WHAT THE TASK ASKS: Each entry is to be restated word for word, with nothing omitted.

DATA SHOWN:
text \<open>Pass to indices \<open>K j\<close> beyond which all terms are \<open>2\<^sup>-\<^sup>j\<close>-close and apply the chain
  lemma.\<close>
lemma close_cauchy_limit:
  fixes A B :: "nat \<Rightarrow> nat \<Rightarrow> complex"
  assumes cauchy: "\<And>\<epsilon>. \<epsilon> > 0 \<Longrightarrow> \<exists>N. \<forall>k\<ge>N. \<forall>l\<ge>N. close \<epsilon> (A k) (B k) (A l) (B l)"
  shows "\<exists>c d. \<forall>\<epsilon>>0. eventually (\<lambda>k. close \<epsilon> (A k) (B k) c d) sequentially"
proof -
  have "\<forall>j. \<exists>N. \<forall>k\<ge>N. \<forall>l\<ge>N. close ((1/2)^j) (A k) (B k) (A l) (B l)"
    using cauchy by simp
  then obtain N where N: "\<And>j k l. k \<ge> N j \<Longrightarrow> l \<ge> N j \<Longrightarrow> close ((1/2)^j) (A k) (B k) (A l) (B l)"
    by metis
  define K where "K j = (\<Sum>i\<le>j. N i)" for j
  have N_le_K: "N j \<le> K j" for j unfolding K_def by (rule member_le_sum) auto
  have K_mono: "K j \<le> K (Suc j)" for j unfolding K_def by simp
  have chain: "close ((1/2)^j) (A (K (Suc j))) (B (K (Suc j))) (A (K j)) (B (K j))" for j
    using N N_le_K K_mono order_trans by blast
  obtain c d where cd: "\<And>j. close (2 * (1/2)^j) (A (K j)) (B (K j)) c d"
    using close_chain_limit[of "\<lambda>j. A (K j)" "\<lambda>j. B (K j)", OF chain] by blast
  have "eventually (\<lambda>k. close \<epsilon> (A k) (B k) c d) sequentially" if pos: "\<epsilon> > 0" for \<epsilon>
  proof -
    obtain j where j: "(1/2::real)^j < \<epsilon>/3" using real_arch_pow_inv[of "\<epsilon>/3" "1/2"] pos by auto
    have "close \<epsilon> (A k) (B k) c d" if "k \<ge> K j" for k
    proof -
      have "close ((1/2)^j + 2 * (1/2)^j) (A k) (B k) c d"
        using close_trans[OF N[OF _ N_le_K] cd] that N_le_K order_trans by blast
      thus ?thesis using j by (auto intro: close_mono)
    qed
    thus ?thesis unfolding eventually_sequentially by blast
  qed
  thus ?thesis by blast
qed

lemma ap_regular_divisor_limit:
  assumes ap: "ap_regular_divisor a b"
    and approx: "\<And>\<epsilon>. \<epsilon> > 0 \<Longrightarrow> \<exists>t. close \<epsilon> (shift a t) (shift b t) c d"
  shows "ap_regular_divisor c d"
  unfolding ap_regular_divisor_close
proof (intro conjI allI impI)
  show "divisor c d"
    using ap approx[of 1] divisor_close_shift unfolding ap_regular_divisor_def by force
  fix \<epsilon> :: real assume "\<epsilon> > 0"
  then obtain L where L: "\<And>z. \<exists>\<tau>. dist \<tau> z < L \<and> close (\<epsilon>/3) a b (shift a \<tau>) (shift b \<tau>)"
    using ap unfolding ap_regular_divisor_close by (meson divide_pos_pos zero_less_numeral)
  obtain t where t: "close (\<epsilon>/3) (shift a t) (shift b t) c d"
    using approx[of "\<epsilon>/3"] \<open>\<epsilon> > 0\<close> by auto
  have "\<exists>\<tau>. dist \<tau> z < L \<and> close \<epsilon> c d (shift c \<tau>) (shift d \<tau>)" for z
  proof -
    obtain \<tau> where \<tau>: "dist \<tau> z < L" "close (\<epsilon>/3) a b (shift a \<tau>) (shift b \<tau>)"
      using L by blast
    text \<open>Go from \<open>c\<close> back to the translate by \<open>t\<close>, move by the almost period \<open>\<tau>\<close>,
      and come back to \<open>c\<close> translated by \<open>\<tau>\<close>.\<close>
    have "close (\<epsilon>/3) c d (shift a t) (shift b t)" using close_sym[OF t] .
    moreover have "close (\<epsilon>/3) (shift a t) (shift b t) (shift (shift a t) \<tau>) (shift (shift b t) \<tau>)"
      using close_shift[OF \<tau>(2), of t] by (simp add: add.commute)
    moreover have "close (\<epsilon>/3) (shift (shift a t) \<tau>) (shift (shift b t) \<tau>) (shift c \<tau>) (shift d \<tau>)"
      using close_shift[OF t] .
    ultimately have "close (\<epsilon>/3 + \<epsilon>/3 + \<epsilon>/3) c d (shift c \<tau>) (shift d \<tau>)"
      by (meson close_trans)
    thus ?thesis using \<tau>(1) by auto
  qed
  thus "\<exists>L. \<forall>z. \<exists>\<tau>. dist \<tau> z < L \<and> close \<epsilon> c d (shift c \<tau>) (shift d \<tau>)" by blast
qed

text \<open>If for every \<open>\<epsilon>\<close> eventually some witness has quality \<open>\<epsilon>\<close>, then one sequence of witnesses
  works for all \<open>\<epsilon>\<close> simultaneously: at step \<open>k\<close> take a witness for the best precision
  \<open>1/(m+1)\<close>, \<open>m \<le> k\<close>, available there.\<close>
lemma eventually_choice_uniform:
  assumes mono: "\<And>k x \<epsilon> \<epsilon>'. P k x \<epsilon> \<Longrightarrow> \<epsilon> \<le> \<epsilon>' \<Longrightarrow> P k x \<epsilon>'"
    and ev: "\<And>\<epsilon>::real. \<epsilon> > 0 \<Longrightarrow> eventually (\<lambda>k. \<exists>x. P k x \<epsilon>) sequentially"
  shows "\<exists>x. \<forall>\<epsilon>>0. eventually (\<lambda>k. P k (x k) \<epsilon>) sequentially"
proof -
  define M where "M k = Max {m. m \<le> k \<and> (\<exists>x. P k x (1 / real (Suc m)))}" for k
  define x where "x k = (SOME x. P k x (1 / real (Suc (M k))))" for k
  have "eventually (\<lambda>k. P k (x k) \<epsilon>) sequentially" if "\<epsilon> > 0" for \<epsilon>
  proof -
    obtain m0 where m0: "1 / real (Suc m0) < \<epsilon>"
      using reals_Archimedean[OF \<open>\<epsilon> > 0\<close>] by (auto simp: inverse_eq_divide)
    have "eventually (\<lambda>k. (\<exists>x. P k x (1 / real (Suc m0))) \<and> k \<ge> m0) sequentially"
      using ev[of "1 / real (Suc m0)"] eventually_ge_at_top[of m0] by (auto intro: eventually_conj)
    thus ?thesis
    proof (rule eventually_mono)
      fix k assume k: "(\<exists>x. P k x (1 / real (Suc m0))) \<and> k \<ge> m0"
      let ?A = "{m. m \<le> k \<and> (\<exists>x. P k x (1 / real (Suc m)))}"
      have "finite ?A" by (rule finite_subset[of _ "{..k}"]) auto
      moreover have "m0 \<in> ?A" using k by auto
      ultimately have "M k \<in> ?A" "m0 \<le> M k" unfolding M_def using Max_in Max_ge by blast+
      hence "P k (x k) (1 / real (Suc (M k)))" unfolding x_def by (auto intro: someI_ex)
      moreover have "1 / real (Suc (M k)) \<le> 1 / real (Suc m0)"
        using \<open>m0 \<le> M k\<close> by (intro divide_left_mono) auto
      ultimately show "P k (x k) \<epsilon>" using m0 by (auto intro: mono)
    qed
  qed
  thus ?thesis by blast
qed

ANSWER TO THE EXERCISE:
text \<open>Pass to indices \<open>K j\<close> beyond which all terms are \<open>2\<^sup>-\<^sup>j\<close>-close and apply the chain
  lemma.\<close>
lemma close_cauchy_limit:
  fixes A B :: "nat \<Rightarrow> nat \<Rightarrow> complex"
  assumes cauchy: "\<And>\<epsilon>. \<epsilon> > 0 \<Longrightarrow> \<exists>N. \<forall>k\<ge>N. \<forall>l\<ge>N. close \<epsilon> (A k) (B k) (A l) (B l)"
  shows "\<exists>c d. \<forall>\<epsilon>>0. eventually (\<lambda>k. close \<epsilon> (A k) (B k) c d) sequentially"
proof -
  have "\<forall>j. \<exists>N. \<forall>k\<ge>N. \<forall>l\<ge>N. close ((1/2)^j) (A k) (B k) (A l) (B l)"
    using cauchy by simp
  then obtain N where N: "\<And>j k l. k \<ge> N j \<Longrightarrow> l \<ge> N j \<Longrightarrow> close ((1/2)^j) (A k) (B k) (A l) (B l)"
    by metis
  define K where "K j = (\<Sum>i\<le>j. N i)" for j
  have N_le_K: "N j \<le> K j" for j unfolding K_def by (rule member_le_sum) auto
  have K_mono: "K j \<le> K (Suc j)" for j unfolding K_def by simp
  have chain: "close ((1/2)^j) (A (K (Suc j))) (B (K (Suc j))) (A (K j)) (B (K j))" for j
    using N N_le_K K_mono order_trans by blast
  obtain c d where cd: "\<And>j. close (2 * (1/2)^j) (A (K j)) (B (K j)) c d"
    using close_chain_limit[of "\<lambda>j. A (K j)" "\<lambda>j. B (K j)", OF chain] by blast
  have "eventually (\<lambda>k. close \<epsilon> (A k) (B k) c d) sequentially" if pos: "\<epsilon> > 0" for \<epsilon>
  proof -
    obtain j where j: "(1/2::real)^j < \<epsilon>/3" using real_arch_pow_inv[of "\<epsilon>/3" "1/2"] pos by auto
    have "close \<epsilon> (A k) (B k) c d" if "k \<ge> K j" for k
    proof -
      have "close ((1/2)^j + 2 * (1/2)^j) (A k) (B k) c d"
        using close_trans[OF N[OF _ N_le_K] cd] that N_le_K order_trans by blast
      thus ?thesis using j by (auto intro: close_mono)
    qed
    thus ?thesis unfolding eventually_sequentially by blast
  qed
  thus ?thesis by blast
qed

lemma ap_regular_divisor_limit:
  assumes ap: "ap_regular_divisor a b"
    and approx: "\<And>\<epsilon>. \<epsilon> > 0 \<Longrightarrow> \<exists>t. close \<epsilon> (shift a t) (shift b t) c d"
  shows "ap_regular_divisor c d"
  unfolding ap_regular_divisor_close
proof (intro conjI allI impI)
  show "divisor c d"
    using ap approx[of 1] divisor_close_shift unfolding ap_regular_divisor_def by force
  fix \<epsilon> :: real assume "\<epsilon> > 0"
  then obtain L where L: "\<And>z. \<exists>\<tau>. dist \<tau> z < L \<and> close (\<epsilon>/3) a b (shift a \<tau>) (shift b \<tau>)"
    using ap unfolding ap_regular_divisor_close by (meson divide_pos_pos zero_less_numeral)
  obtain t where t: "close (\<epsilon>/3) (shift a t) (shift b t) c d"
    using approx[of "\<epsilon>/3"] \<open>\<epsilon> > 0\<close> by auto
  have "\<exists>\<tau>. dist \<tau> z < L \<and> close \<epsilon> c d (shift c \<tau>) (shift d \<tau>)" for z
  proof -
    obtain \<tau> where \<tau>: "dist \<tau> z < L" "close (\<epsilon>/3) a b (shift a \<tau>) (shift b \<tau>)"
      using L by blast
    text \<open>Go from \<open>c\<close> back to the translate by \<open>t\<close>, move by the almost period \<open>\<tau>\<close>,
      and come back to \<open>c\<close> translated by \<open>\<tau>\<close>.\<close>
    have "close (\<epsilon>/3) c d (shift a t) (shift b t)" using close_sym[OF t] .
    moreover have "close (\<epsilon>/3) (shift a t) (shift b t) (shift (shift a t) \<tau>) (shift (shift b t) \<tau>)"
      using close_shift[OF \<tau>(2), of t] by (simp add: add.commute)
    moreover have "close (\<epsilon>/3) (shift (shift a t) \<tau>) (shift (shift b t) \<tau>) (shift c \<tau>) (shift d \<tau>)"
      using close_shift[OF t] .
    ultimately have "close (\<epsilon>/3 + \<epsilon>/3 + \<epsilon>/3) c d (shift c \<tau>) (shift d \<tau>)"
      by (meson close_trans)
    thus ?thesis using \<tau>(1) by auto
  qed
  thus "\<exists>L. \<forall>z. \<exists>\<tau>. dist \<tau> z < L \<and> close \<epsilon> c d (shift c \<tau>) (shift d \<tau>)" by blast
qed

text \<open>If for every \<open>\<epsilon>\<close> eventually some witness has quality \<open>\<epsilon>\<close>, then one sequence of witnesses
  works for all \<open>\<epsilon>\<close> simultaneously: at step \<open>k\<close> take a witness for the best precision
  \<open>1/(m+1)\<close>, \<open>m \<le> k\<close>, available there.\<close>
lemma eventually_choice_uniform:
  assumes mono: "\<And>k x \<epsilon> \<epsilon>'. P k x \<epsilon> \<Longrightarrow> \<epsilon> \<le> \<epsilon>' \<Longrightarrow> P k x \<epsilon>'"
    and ev: "\<And>\<epsilon>::real. \<epsilon> > 0 \<Longrightarrow> eventually (\<lambda>k. \<exists>x. P k x \<epsilon>) sequentially"
  shows "\<exists>x. \<forall>\<epsilon>>0. eventually (\<lambda>k. P k (x k) \<epsilon>) sequentially"
proof -
  define M where "M k = Max {m. m \<le> k \<and> (\<exists>x. P k x (1 / real (Suc m)))}" for k
  define x where "x k = (SOME x. P k x (1 / real (Suc (M k))))" for k
  have "eventually (\<lambda>k. P k (x k) \<epsilon>) sequentially" if "\<epsilon> > 0" for \<epsilon>
  proof -
    obtain m0 where m0: "1 / real (Suc m0) < \<epsilon>"
      using reals_Archimedean[OF \<open>\<epsilon> > 0\<close>] by (auto simp: inverse_eq_divide)
    have "eventually (\<lambda>k. (\<exists>x. P k x (1 / real (Suc m0))) \<and> k \<ge> m0) sequentially"
      using ev[of "1 / real (Suc m0)"] eventually_ge_at_top[of m0] by (auto intro: eventually_conj)
    thus ?thesis
    proof (rule eventually_mono)
      fix k assume k: "(\<exists>x. P k x (1 / real (Suc m0))) \<and> k \<ge> m0"
      let ?A = "{m. m \<le> k \<and> (\<exists>x. P k x (1 / real (Suc m)))}"
      have "finite ?A" by (rule finite_subset[of _ "{..k}"]) auto
      moreover have "m0 \<in> ?A" using k by auto
      ultimately have "M k \<in> ?A" "m0 \<le> M k" unfolding M_def using Max_in Max_ge by blast+
      hence "P k (x k) (1 / real (Suc (M k)))" unfolding x_def by (auto intro: someI_ex)
      moreover have "1 / real (Suc (M k)) \<le> 1 / real (Suc m0)"
        using \<open>m0 \<le> M k\<close> by (intro divide_left_mono) auto
      ultimately show "P k (x k) \<epsilon>" using m0 by (auto intro: mono)
    qed
  qed
  thus ?thesis by blast
qed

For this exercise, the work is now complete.